## Records for this exercise
▼▼▼

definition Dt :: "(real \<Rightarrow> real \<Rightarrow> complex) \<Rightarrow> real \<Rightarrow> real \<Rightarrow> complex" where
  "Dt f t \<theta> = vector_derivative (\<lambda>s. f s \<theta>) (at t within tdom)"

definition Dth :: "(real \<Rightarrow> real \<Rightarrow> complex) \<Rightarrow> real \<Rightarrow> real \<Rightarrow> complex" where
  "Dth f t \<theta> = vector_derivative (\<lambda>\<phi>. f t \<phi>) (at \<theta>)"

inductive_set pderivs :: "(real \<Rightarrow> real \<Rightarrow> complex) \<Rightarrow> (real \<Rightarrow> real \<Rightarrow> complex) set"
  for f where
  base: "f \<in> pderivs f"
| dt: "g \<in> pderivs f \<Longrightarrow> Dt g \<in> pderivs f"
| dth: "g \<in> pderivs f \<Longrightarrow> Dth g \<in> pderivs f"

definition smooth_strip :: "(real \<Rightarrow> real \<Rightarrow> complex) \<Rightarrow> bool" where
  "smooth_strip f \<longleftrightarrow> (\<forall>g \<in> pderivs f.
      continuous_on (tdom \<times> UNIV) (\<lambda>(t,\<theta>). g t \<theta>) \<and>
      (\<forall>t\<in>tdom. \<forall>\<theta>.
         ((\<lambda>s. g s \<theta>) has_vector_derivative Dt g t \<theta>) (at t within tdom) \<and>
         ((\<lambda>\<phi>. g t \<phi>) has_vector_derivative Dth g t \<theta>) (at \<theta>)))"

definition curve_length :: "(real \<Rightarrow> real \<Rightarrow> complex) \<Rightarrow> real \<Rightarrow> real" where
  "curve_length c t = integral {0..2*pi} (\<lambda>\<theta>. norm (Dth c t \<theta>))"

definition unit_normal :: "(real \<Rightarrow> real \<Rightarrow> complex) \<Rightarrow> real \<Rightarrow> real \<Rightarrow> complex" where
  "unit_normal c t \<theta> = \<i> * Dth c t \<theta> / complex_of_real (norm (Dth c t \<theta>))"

▲▲▲
▼▼▼

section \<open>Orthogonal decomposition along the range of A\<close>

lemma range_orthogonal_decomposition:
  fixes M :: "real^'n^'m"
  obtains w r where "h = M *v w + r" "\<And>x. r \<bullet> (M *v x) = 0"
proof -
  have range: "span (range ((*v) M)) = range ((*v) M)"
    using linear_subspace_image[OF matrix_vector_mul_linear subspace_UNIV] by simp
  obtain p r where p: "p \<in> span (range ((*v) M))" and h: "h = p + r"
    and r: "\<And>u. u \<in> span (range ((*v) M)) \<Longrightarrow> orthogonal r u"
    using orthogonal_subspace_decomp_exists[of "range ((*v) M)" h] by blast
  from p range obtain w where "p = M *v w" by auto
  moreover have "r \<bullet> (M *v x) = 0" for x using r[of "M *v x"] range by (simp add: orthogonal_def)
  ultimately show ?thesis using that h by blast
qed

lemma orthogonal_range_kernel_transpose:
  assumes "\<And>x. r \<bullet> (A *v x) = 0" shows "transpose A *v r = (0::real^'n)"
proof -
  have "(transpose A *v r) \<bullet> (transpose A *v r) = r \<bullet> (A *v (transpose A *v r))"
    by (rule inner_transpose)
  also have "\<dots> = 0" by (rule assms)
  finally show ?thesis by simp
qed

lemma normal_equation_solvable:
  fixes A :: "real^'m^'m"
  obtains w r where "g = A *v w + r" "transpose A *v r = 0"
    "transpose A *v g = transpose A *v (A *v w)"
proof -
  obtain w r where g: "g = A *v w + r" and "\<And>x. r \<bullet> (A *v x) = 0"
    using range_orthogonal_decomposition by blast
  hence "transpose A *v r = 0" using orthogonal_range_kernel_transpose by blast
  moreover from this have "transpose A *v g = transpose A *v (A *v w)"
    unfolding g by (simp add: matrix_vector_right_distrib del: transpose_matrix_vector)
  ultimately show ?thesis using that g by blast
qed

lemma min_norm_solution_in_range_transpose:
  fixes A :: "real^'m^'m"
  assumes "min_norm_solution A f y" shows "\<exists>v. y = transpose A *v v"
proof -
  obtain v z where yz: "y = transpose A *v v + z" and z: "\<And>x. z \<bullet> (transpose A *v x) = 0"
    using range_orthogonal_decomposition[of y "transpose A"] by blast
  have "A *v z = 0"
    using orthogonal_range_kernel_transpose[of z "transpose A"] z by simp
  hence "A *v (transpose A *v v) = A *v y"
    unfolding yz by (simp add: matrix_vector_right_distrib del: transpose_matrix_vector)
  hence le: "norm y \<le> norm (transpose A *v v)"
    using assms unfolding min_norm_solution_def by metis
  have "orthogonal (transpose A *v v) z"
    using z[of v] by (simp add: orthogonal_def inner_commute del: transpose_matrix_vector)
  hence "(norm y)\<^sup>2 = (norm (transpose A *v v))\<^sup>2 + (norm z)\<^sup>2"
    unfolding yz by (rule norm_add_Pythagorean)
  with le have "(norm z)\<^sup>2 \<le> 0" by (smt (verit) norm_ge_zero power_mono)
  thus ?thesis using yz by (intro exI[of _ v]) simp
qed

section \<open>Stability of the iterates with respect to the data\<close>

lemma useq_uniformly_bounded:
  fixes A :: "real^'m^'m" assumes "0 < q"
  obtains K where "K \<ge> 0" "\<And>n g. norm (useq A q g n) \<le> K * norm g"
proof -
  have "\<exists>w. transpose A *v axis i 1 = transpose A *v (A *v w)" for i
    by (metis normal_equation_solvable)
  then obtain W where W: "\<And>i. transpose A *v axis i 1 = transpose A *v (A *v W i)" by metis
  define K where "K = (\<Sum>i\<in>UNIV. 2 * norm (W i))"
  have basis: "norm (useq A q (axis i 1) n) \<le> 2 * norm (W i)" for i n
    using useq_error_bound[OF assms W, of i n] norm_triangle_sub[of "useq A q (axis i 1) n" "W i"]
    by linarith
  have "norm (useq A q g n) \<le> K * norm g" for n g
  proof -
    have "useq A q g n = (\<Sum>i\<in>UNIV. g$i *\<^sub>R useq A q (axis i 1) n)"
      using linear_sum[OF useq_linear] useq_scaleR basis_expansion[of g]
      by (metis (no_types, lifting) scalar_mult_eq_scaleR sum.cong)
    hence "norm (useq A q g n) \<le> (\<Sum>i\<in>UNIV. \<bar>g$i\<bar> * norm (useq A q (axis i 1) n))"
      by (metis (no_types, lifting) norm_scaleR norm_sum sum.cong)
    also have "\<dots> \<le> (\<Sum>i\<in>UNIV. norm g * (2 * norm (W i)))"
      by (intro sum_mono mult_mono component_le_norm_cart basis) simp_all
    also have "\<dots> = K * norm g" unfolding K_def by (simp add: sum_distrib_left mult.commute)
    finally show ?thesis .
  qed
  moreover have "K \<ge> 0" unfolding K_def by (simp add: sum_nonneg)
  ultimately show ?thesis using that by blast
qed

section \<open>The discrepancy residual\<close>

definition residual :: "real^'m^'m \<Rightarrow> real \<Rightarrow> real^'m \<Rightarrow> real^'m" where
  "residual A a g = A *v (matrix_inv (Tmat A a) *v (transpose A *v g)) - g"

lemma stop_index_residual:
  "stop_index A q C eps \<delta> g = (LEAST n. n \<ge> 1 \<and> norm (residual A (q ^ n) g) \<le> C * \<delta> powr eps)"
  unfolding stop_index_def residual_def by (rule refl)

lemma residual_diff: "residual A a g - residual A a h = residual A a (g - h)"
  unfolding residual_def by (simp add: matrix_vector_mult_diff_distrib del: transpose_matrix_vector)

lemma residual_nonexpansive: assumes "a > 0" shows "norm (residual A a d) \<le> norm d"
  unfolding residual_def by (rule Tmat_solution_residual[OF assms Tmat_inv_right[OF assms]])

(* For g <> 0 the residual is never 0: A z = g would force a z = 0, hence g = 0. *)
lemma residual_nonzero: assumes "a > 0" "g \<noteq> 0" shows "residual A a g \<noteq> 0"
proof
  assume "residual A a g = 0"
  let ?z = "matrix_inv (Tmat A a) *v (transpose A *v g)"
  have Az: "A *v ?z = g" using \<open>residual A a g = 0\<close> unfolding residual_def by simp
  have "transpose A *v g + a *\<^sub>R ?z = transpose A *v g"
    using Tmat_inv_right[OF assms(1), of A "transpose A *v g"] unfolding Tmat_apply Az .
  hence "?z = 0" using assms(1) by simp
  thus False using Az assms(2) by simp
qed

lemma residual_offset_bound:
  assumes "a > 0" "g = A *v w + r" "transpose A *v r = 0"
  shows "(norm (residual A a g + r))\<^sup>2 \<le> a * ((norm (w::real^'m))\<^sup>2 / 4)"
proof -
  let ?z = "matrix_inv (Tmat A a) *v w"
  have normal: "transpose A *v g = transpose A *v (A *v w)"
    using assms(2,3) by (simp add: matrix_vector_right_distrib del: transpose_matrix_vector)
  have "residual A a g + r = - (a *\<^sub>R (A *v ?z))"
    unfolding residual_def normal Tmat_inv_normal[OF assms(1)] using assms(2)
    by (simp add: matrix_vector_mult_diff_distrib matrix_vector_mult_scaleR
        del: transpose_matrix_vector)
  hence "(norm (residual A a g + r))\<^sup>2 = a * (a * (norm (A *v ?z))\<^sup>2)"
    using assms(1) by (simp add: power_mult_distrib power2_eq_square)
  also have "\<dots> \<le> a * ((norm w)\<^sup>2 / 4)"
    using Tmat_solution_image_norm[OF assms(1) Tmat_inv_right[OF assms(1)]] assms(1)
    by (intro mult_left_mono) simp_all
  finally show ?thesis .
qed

▲▲▲
▼▼▼

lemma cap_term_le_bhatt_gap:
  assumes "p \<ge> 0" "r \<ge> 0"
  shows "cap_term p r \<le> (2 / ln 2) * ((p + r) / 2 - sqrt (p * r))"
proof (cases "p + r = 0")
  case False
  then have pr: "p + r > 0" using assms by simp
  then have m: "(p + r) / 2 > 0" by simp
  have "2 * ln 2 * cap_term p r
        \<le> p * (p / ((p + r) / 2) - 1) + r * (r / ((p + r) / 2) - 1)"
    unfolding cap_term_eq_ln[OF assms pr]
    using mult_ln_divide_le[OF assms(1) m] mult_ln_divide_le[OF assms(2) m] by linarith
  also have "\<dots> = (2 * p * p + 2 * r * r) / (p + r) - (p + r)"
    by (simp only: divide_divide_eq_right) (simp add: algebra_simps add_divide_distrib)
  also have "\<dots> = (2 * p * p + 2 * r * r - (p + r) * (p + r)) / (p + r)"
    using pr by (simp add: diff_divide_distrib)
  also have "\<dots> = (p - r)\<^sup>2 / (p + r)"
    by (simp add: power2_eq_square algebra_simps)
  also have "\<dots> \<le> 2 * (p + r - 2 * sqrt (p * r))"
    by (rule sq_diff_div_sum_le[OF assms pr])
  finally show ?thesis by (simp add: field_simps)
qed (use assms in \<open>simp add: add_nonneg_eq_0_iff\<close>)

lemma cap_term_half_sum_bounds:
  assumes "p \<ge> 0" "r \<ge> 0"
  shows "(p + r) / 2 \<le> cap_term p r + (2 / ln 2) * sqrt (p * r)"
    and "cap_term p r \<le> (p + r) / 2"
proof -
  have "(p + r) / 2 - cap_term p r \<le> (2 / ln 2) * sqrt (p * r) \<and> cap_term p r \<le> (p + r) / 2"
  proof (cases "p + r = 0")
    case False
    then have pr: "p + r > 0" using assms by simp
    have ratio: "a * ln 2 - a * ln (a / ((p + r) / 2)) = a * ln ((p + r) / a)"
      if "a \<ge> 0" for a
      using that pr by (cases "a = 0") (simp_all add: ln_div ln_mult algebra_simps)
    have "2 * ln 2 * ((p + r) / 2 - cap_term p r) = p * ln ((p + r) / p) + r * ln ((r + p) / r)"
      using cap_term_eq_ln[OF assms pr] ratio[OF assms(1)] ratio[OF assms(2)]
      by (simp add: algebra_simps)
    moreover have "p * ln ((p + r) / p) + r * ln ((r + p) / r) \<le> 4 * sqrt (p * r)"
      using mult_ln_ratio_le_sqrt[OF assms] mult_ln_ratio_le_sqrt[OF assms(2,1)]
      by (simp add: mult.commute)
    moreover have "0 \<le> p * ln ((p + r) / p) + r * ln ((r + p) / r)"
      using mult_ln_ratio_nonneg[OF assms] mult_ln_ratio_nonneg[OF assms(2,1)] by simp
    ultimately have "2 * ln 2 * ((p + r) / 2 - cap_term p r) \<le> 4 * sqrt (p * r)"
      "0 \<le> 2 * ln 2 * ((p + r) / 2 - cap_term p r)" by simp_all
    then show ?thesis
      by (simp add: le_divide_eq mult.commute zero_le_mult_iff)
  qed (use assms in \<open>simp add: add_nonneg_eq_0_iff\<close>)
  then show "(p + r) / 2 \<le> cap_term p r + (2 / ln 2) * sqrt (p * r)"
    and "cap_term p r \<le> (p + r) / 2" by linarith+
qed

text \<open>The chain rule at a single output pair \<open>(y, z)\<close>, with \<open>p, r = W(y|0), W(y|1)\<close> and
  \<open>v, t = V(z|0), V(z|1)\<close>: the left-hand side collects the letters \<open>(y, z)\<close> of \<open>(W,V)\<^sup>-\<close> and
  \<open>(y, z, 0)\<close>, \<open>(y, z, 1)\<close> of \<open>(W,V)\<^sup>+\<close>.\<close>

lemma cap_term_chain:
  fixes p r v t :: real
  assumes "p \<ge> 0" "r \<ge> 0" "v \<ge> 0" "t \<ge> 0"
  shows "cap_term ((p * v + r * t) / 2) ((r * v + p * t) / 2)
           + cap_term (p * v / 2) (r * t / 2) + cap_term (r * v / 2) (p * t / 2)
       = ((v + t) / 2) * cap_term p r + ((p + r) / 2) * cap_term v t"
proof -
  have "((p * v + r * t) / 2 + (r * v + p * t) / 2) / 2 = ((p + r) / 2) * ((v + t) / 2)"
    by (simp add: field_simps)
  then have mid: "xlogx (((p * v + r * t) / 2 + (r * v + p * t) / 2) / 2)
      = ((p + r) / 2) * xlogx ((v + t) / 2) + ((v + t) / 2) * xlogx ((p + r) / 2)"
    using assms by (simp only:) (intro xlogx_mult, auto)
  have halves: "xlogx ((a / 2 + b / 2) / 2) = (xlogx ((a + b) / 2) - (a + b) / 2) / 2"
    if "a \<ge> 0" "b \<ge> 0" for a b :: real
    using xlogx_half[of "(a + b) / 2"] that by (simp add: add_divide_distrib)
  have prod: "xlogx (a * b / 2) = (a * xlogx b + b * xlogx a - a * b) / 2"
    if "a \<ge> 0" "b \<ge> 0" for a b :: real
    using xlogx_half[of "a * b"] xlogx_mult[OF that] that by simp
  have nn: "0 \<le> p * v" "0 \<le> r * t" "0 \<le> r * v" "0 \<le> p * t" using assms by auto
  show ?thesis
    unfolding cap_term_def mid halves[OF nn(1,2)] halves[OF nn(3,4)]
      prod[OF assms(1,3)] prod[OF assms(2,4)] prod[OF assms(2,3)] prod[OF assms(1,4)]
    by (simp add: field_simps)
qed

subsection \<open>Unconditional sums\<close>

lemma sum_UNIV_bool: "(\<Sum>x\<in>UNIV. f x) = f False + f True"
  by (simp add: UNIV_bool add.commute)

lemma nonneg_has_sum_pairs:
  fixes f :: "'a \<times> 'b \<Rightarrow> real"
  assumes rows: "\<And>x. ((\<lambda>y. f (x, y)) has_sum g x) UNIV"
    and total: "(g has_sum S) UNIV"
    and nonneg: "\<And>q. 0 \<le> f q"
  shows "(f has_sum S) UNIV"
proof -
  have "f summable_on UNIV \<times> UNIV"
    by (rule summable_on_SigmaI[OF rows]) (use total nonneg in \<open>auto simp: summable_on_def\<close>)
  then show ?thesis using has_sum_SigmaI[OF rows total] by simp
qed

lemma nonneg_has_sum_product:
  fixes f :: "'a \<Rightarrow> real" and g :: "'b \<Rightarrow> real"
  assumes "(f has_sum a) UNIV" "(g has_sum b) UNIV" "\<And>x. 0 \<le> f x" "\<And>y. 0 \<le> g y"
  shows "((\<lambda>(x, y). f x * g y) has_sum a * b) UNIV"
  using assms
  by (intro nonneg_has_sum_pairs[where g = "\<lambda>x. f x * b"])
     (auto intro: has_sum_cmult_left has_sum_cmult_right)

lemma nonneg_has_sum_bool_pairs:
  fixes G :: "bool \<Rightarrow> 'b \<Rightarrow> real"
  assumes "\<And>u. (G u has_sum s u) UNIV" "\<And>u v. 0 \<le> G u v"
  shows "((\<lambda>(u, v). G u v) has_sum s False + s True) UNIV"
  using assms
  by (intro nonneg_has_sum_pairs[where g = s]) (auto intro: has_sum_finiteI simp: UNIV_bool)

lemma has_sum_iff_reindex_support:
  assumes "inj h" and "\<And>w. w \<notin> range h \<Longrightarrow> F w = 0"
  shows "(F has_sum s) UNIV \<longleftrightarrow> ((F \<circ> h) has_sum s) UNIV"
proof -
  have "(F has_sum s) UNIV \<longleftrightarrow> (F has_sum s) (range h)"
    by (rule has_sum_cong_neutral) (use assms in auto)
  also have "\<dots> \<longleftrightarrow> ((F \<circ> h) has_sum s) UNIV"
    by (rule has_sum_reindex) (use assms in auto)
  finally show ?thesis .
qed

▲▲▲

## Instructions for the task
Lines with the word "longleftrightarrow" in the data need counting; report the count alone.

## Task answer
4